Это не первая наша ссора. Когда Дима подал на развод было ещё хуже. Она постоянно винила меня в том, что я плохая хозяйка, жена, мама. Поэтому её любимый зять и нашёл другую. И эта её дурацкая привычка: прийти, отругать, выставить меня виноватой, уйти и с месяц дуться и не разговаривать со мной. Всё для того, чтобы я её поняла.

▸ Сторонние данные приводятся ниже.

lemma has_integral_scaled_neg_powr_on_Ioo:
  fixes h :: "real \<Rightarrow> real"
  assumes "0 < a" "a \<le> b" and "\<And>x. x \<in> {a<..<b} \<Longrightarrow> h x = (1 - \<alpha>) * x powr (-\<alpha>)"
  shows "(h has_integral (b powr (1 - \<alpha>) - a powr (1 - \<alpha>))) {a..b}"
proof (rule fundamental_theorem_of_calculus_interior_strong[of "{}"])
  fix x assume x: "x \<in> {a<..<b} - {}"
  have "((\<lambda>u. u powr (1 - \<alpha>)) has_real_derivative (1 - \<alpha>) * x powr (1 - \<alpha> - 1)) (at x)"
    using x assms(1) by (auto intro!: derivative_eq_intros)
  thus "((\<lambda>u. u powr (1 - \<alpha>)) has_vector_derivative h x) (at x)"
    using x assms(3) by (simp add: has_real_derivative_iff_has_vector_derivative[symmetric])
qed (use assms in \<open>auto intro!: continuous_intros\<close>)

definition g_fun :: "real \<Rightarrow> real \<Rightarrow> real" where
  "g_fun \<alpha> u = (if u < 1 then 1 else (1 - \<alpha>) * u powr (-\<alpha>))"

definition f_fun :: "real \<Rightarrow> real \<Rightarrow> real" where
  "f_fun \<alpha> u = (if u < 1/4 then 1 else if u < 1 then 1 - \<alpha> else (1 - \<alpha>) * u powr (-\<alpha>))"

definition g_prim :: "real \<Rightarrow> real \<Rightarrow> real" where
  "g_prim \<alpha> t = (if t \<le> 1 then t else t powr (1 - \<alpha>))"

definition f_prim :: "real \<Rightarrow> real \<Rightarrow> real" where
  "f_prim \<alpha> t = (if t \<le> 1/4 then t else if t \<le> 1 then 1/4 + (1 - \<alpha>) * (t - 1/4)
     else t powr (1 - \<alpha>) - 3 * \<alpha> / 4)"

lemma g_fun_has_integral:
  assumes "0 < t"
  shows "(g_fun \<alpha> has_integral g_prim \<alpha> t) {0..t}"
proof (cases "t \<le> 1")
  case True
  have "(g_fun \<alpha> has_integral 1 * (t - 0)) {0..t}"
    by (rule has_integral_const_on_Ioo) (use True assms in \<open>auto simp: g_fun_def\<close>)
  thus ?thesis using True by (simp add: g_prim_def)
next
  case False
  have "(g_fun \<alpha> has_integral 1 * (1 - 0)) {0..1}"
    by (rule has_integral_const_on_Ioo) (auto simp: g_fun_def)
  moreover have "(g_fun \<alpha> has_integral (t powr (1 - \<alpha>) - 1 powr (1 - \<alpha>))) {1..t}"
    by (rule has_integral_scaled_neg_powr_on_Ioo) (use False in \<open>auto simp: g_fun_def\<close>)
  ultimately have "(g_fun \<alpha> has_integral 1 * (1 - 0) + (t powr (1 - \<alpha>) - 1 powr (1 - \<alpha>))) {0..t}"
    using False by (intro has_integral_combine) auto
  thus ?thesis using False by (simp add: g_prim_def)
qed

lemma f_fun_has_integral:
  assumes "0 < t"
  shows "(f_fun \<alpha> has_integral f_prim \<alpha> t) {0..t}"
proof -
  have head: "(f_fun \<alpha> has_integral 1 * (r - 0)) {0..r}" if "0 \<le> r" "r \<le> 1/4" for r
    by (rule has_integral_const_on_Ioo) (use that in \<open>auto simp: f_fun_def\<close>)
  have "(f_fun \<alpha> has_integral (1 - \<alpha>) * (r - 1/4)) {1/4..r}" if "1/4 \<le> r" "r \<le> 1" for r
    by (rule has_integral_const_on_Ioo) (use that in \<open>auto simp: f_fun_def\<close>)
  hence middle: "(f_fun \<alpha> has_integral 1 * (1/4 - 0) + (1 - \<alpha>) * (r - 1/4)) {0..r}"
    if "1/4 \<le> r" "r \<le> 1" for r
    using that head[of "1/4"] by (intro has_integral_combine) auto
  consider "t \<le> 1/4" | "1/4 < t" "t \<le> 1" | "1 < t" by linarith
  thus ?thesis
  proof cases
    case 3
    have "(f_fun \<alpha> has_integral (t powr (1 - \<alpha>) - 1 powr (1 - \<alpha>))) {1..t}"
      by (rule has_integral_scaled_neg_powr_on_Ioo) (use 3 in \<open>auto simp: f_fun_def\<close>)
    with 3 have "(f_fun \<alpha> has_integral (1 * (1/4 - 0) + (1 - \<alpha>) * (1 - 1/4))
        + (t powr (1 - \<alpha>) - 1 powr (1 - \<alpha>))) {0..t}"
      by (intro has_integral_combine[OF _ _ middle[of 1]]) auto
    thus ?thesis using 3 by (simp add: f_prim_def field_simps)
  qed (use assms head middle in \<open>auto simp: f_prim_def\<close>)
qed

lemma exists_gt_less_tail:
  fixes \<alpha> :: real
  assumes "0 < t" and "s < (1 - \<alpha>) * t powr (-\<alpha>)"
  shows "\<exists>x>t. s < (1 - \<alpha>) * x powr (-\<alpha>)"
proof -
  have "continuous (at t) (\<lambda>x. (1 - \<alpha>) * x powr (-\<alpha>))"
    using assms(1) by (intro continuous_intros) simp
  hence "continuous (at_right t) (\<lambda>x. (1 - \<alpha>) * x powr (-\<alpha>))"
    by (rule continuous_at_imp_continuous_within)
  from exists_gt_less_if_continuous_at_right[OF this] assms(2) show ?thesis by simp
qed

lemma tail_antimono:
  fixes \<alpha> :: real
  assumes "0 < \<alpha>" "\<alpha> < 1" "0 < x" "x \<le> y"
  shows "(1 - \<alpha>) * y powr (-\<alpha>) \<le> (1 - \<alpha>) * x powr (-\<alpha>)"
  using assms by (intro mult_left_mono powr_mono2') auto

lemma tail_le:
  fixes \<alpha> :: real
  assumes "0 < \<alpha>" "\<alpha> < 1" "1 \<le> y"
  shows "(1 - \<alpha>) * y powr (-\<alpha>) \<le> 1 - \<alpha>"
  using tail_antimono[of \<alpha> 1 y] assms by simp

lemma nonincreasing_rcont_g_fun:
  assumes "0 < \<alpha>" "\<alpha> < 1"
  shows "nonincreasing_rcont (g_fun \<alpha>)"
proof (rule nonincreasing_rcontI)
  show "g_fun \<alpha> \<in> borel_measurable borel"
    unfolding g_fun_def by measurable
  show "g_fun \<alpha> y \<le> g_fun \<alpha> x" if "0 < x" "x \<le> y" for x y
  proof (cases "y < 1")
    case False
    have ty: "(1 - \<alpha>) * y powr (-\<alpha>) \<le> 1 - \<alpha>"
      using tail_le[OF assms] False by simp
    have "(1 - \<alpha>) * y powr (-\<alpha>) \<le> g_fun \<alpha> x"
    proof (cases "x < 1")
      case True
      thus ?thesis using ty assms(1) unfolding g_fun_def by simp
    next
      case False
      thus ?thesis using tail_antimono[OF assms that] unfolding g_fun_def by simp
    qed
    thus ?thesis using False by (simp add: g_fun_def)
  qed (use that in \<open>simp add: g_fun_def\<close>)
  show "0 \<le> g_fun \<alpha> x" for x
    using assms by (auto simp: g_fun_def)
  show "\<exists>x>t. s < g_fun \<alpha> x" if "0 < t" "s < g_fun \<alpha> t" for t s
  proof (cases "t < 1")
    case True
    thus ?thesis using that by (intro exI[of _ "(t + 1) / 2"]) (auto simp: g_fun_def)
  next
    case False
    with that obtain x where "t < x" "s < (1 - \<alpha>) * x powr (-\<alpha>)"
      using exists_gt_less_tail[of t s \<alpha>] by (auto simp: g_fun_def)
    thus ?thesis using False by (intro exI[of _ x]) (auto simp: g_fun_def)
  qed
qed

lemma nonincreasing_rcont_f_fun:
  assumes "0 < \<alpha>" "\<alpha> < 1"
  shows "nonincreasing_rcont (f_fun \<alpha>)"
proof (rule nonincreasing_rcontI)
  show "f_fun \<alpha> \<in> borel_measurable borel"
    unfolding f_fun_def by measurable
  show "f_fun \<alpha> y \<le> f_fun \<alpha> x" if "0 < x" "x \<le> y" for x y
  proof (cases "y < 1")
    case False
    have ty: "(1 - \<alpha>) * y powr (-\<alpha>) \<le> 1 - \<alpha>"
      using tail_le[OF assms] False by simp
    have "(1 - \<alpha>) * y powr (-\<alpha>) \<le> f_fun \<alpha> x"
    proof (cases "x < 1")
      case True
      thus ?thesis using ty assms(1) unfolding f_fun_def by simp
    next
      case False
      thus ?thesis using tail_antimono[OF assms that] unfolding f_fun_def by simp
    qed
    thus ?thesis using False by (simp add: f_fun_def)
  qed (use that assms in \<open>simp add: f_fun_def\<close>)
  show "0 \<le> f_fun \<alpha> x" for x
    using assms by (auto simp: f_fun_def)
  show "\<exists>x>t. s < f_fun \<alpha> x" if "0 < t" "s < f_fun \<alpha> t" for t s
  proof -
    consider "t < 1/4" | "1/4 \<le> t" "t < 1" | "1 \<le> t" by linarith
    thus ?thesis
    proof cases
      case 1
      thus ?thesis using that by (intro exI[of _ "(t + 1/4) / 2"]) (auto simp: f_fun_def)
    next
      case 2
      thus ?thesis using that by (intro exI[of _ "(t + 1) / 2"]) (auto simp: f_fun_def)
    next
      case 3
      with that obtain x where "t < x" "s < (1 - \<alpha>) * x powr (-\<alpha>)"
        using exists_gt_less_tail[of t s \<alpha>] by (auto simp: f_fun_def)
      thus ?thesis using 3 by (intro exI[of _ x]) (auto simp: f_fun_def)
    qed
  qed
qed

lemma marc_space_memI:
  assumes "nonincreasing_rcont h" and "marc_norm \<alpha> h < \<infinity>"
  shows "h \<in> marc_space \<alpha>"
  using assms unfolding marc_space_def nonincreasing_rcont_def by (simp add: measurable_lborel1)

lemma powr_diff_one_mult_self:
  fixes t :: real
  assumes "0 < t"
  shows "t powr (\<alpha> - 1) * t = t powr \<alpha>"
  using powr_add[of t "\<alpha> - 1" 1] assms by simp

lemma powr_diff_one_mult_powr_one_diff:
  fixes t :: real
  assumes "0 < t"
  shows "t powr (\<alpha> - 1) * t powr (1 - \<alpha>) = 1"
  using assms by (simp add: powr_add[symmetric])

lemma f_prim_le_self:
  assumes "0 < \<alpha>" "\<alpha> < 1" "t \<le> 1"
  shows "f_prim \<alpha> t \<le> t"
proof (cases "t \<le> 1/4")
  case False
  have "(1 - \<alpha>) * (t - 1/4) \<le> t - 1/4"
    using mult_right_mono[of "1 - \<alpha>" 1 "t - 1/4"] assms False by simp
  moreover have "f_prim \<alpha> t = 1/4 + (1 - \<alpha>) * (t - 1/4)"
    using False assms(3) by (simp add: f_prim_def)
  ultimately show ?thesis by linarith
qed (simp add: f_prim_def)

lemma marc_norm_g_fun_eq:
  assumes "0 < \<alpha>" "\<alpha> < 1"
  shows "marc_norm \<alpha> (g_fun \<alpha>) = (SUP t\<in>{0<..}. ennreal (t powr (\<alpha> - 1) * g_prim \<alpha> t))"
  by (rule marc_norm_eq_SUP[OF nonincreasing_rcont_g_fun[OF assms]]) (rule g_fun_has_integral)

lemma marc_norm_f_fun_eq:
  assumes "0 < \<alpha>" "\<alpha> < 1"
  shows "marc_norm \<alpha> (f_fun \<alpha>) = (SUP t\<in>{0<..}. ennreal (t powr (\<alpha> - 1) * f_prim \<alpha> t))"
  by (rule marc_norm_eq_SUP[OF nonincreasing_rcont_f_fun[OF assms]]) (rule f_fun_has_integral)

lemma marc_norm_g_fun_le:
  assumes "0 < \<alpha>" "\<alpha> < 1"
  shows "marc_norm \<alpha> (g_fun \<alpha>) \<le> 1"
  unfolding marc_norm_g_fun_eq[OF assms]
proof (rule SUP_least)
  fix t :: real assume "t \<in> {0<..}"
  hence t: "0 < t" by simp
  have "t powr (\<alpha> - 1) * g_prim \<alpha> t \<le> 1"
  proof (cases "t \<le> 1")
    case True
    thus ?thesis using t assms powr_mono2[of \<alpha> t 1]
      by (simp add: g_prim_def powr_diff_one_mult_self)
  qed (use t in \<open>simp add: g_prim_def powr_diff_one_mult_powr_one_diff\<close>)
  thus "ennreal (t powr (\<alpha> - 1) * g_prim \<alpha> t) \<le> 1" by (simp add: ennreal_le_1)
qed

lemma marc_norm_f_fun_le:
  assumes "0 < \<alpha>" "\<alpha> < 1"
  shows "marc_norm \<alpha> (f_fun \<alpha>) \<le> 1"
  unfolding marc_norm_f_fun_eq[OF assms]
proof (rule SUP_least)
  fix t :: real assume "t \<in> {0<..}"
  hence t: "0 < t" by simp
  have "t powr (\<alpha> - 1) * f_prim \<alpha> t \<le> 1"
  proof (cases "t \<le> 1")
    case True
    have "t powr (\<alpha> - 1) * f_prim \<alpha> t \<le> t powr (\<alpha> - 1) * t"
      using f_prim_le_self[OF assms True] by (intro mult_left_mono) auto
    also have "\<dots> \<le> 1"
      using t True assms powr_mono2[of \<alpha> t 1] by (simp add: powr_diff_one_mult_self)
    finally show ?thesis .
  next
    case False
    have "t powr (\<alpha> - 1) * f_prim \<alpha> t = 1 - 3 * \<alpha> / 4 * t powr (\<alpha> - 1)"
      using False t powr_diff_one_mult_powr_one_diff[OF t, of \<alpha>]
      by (simp add: f_prim_def algebra_simps)
    thus ?thesis using assms by simp
  qed
  thus "ennreal (t powr (\<alpha> - 1) * f_prim \<alpha> t) \<le> 1" by (simp add: ennreal_le_1)
qed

Когда была маленькой мне было страшно от того, что она молчит. Я кидалась делать уборку, умоляла простить и клялась в том, что буду примерной дочерью, лишь бы она со мной разговаривала. Ходила за ней хвостиком и выпрашивала крохи внимания. Нет, она была замечательной мамой, но наказывала меня жёстко — молчанием. В основном, за то, что я виделась с отцом и за бардак в комнате. А сейчас — за то, что посмела выбрать не того мужчину. Возвращаюсь на кухню, к незаконченным делам.

— Прости, я не должен был, — мой неправильный мужчина тоже выглядит виноватым.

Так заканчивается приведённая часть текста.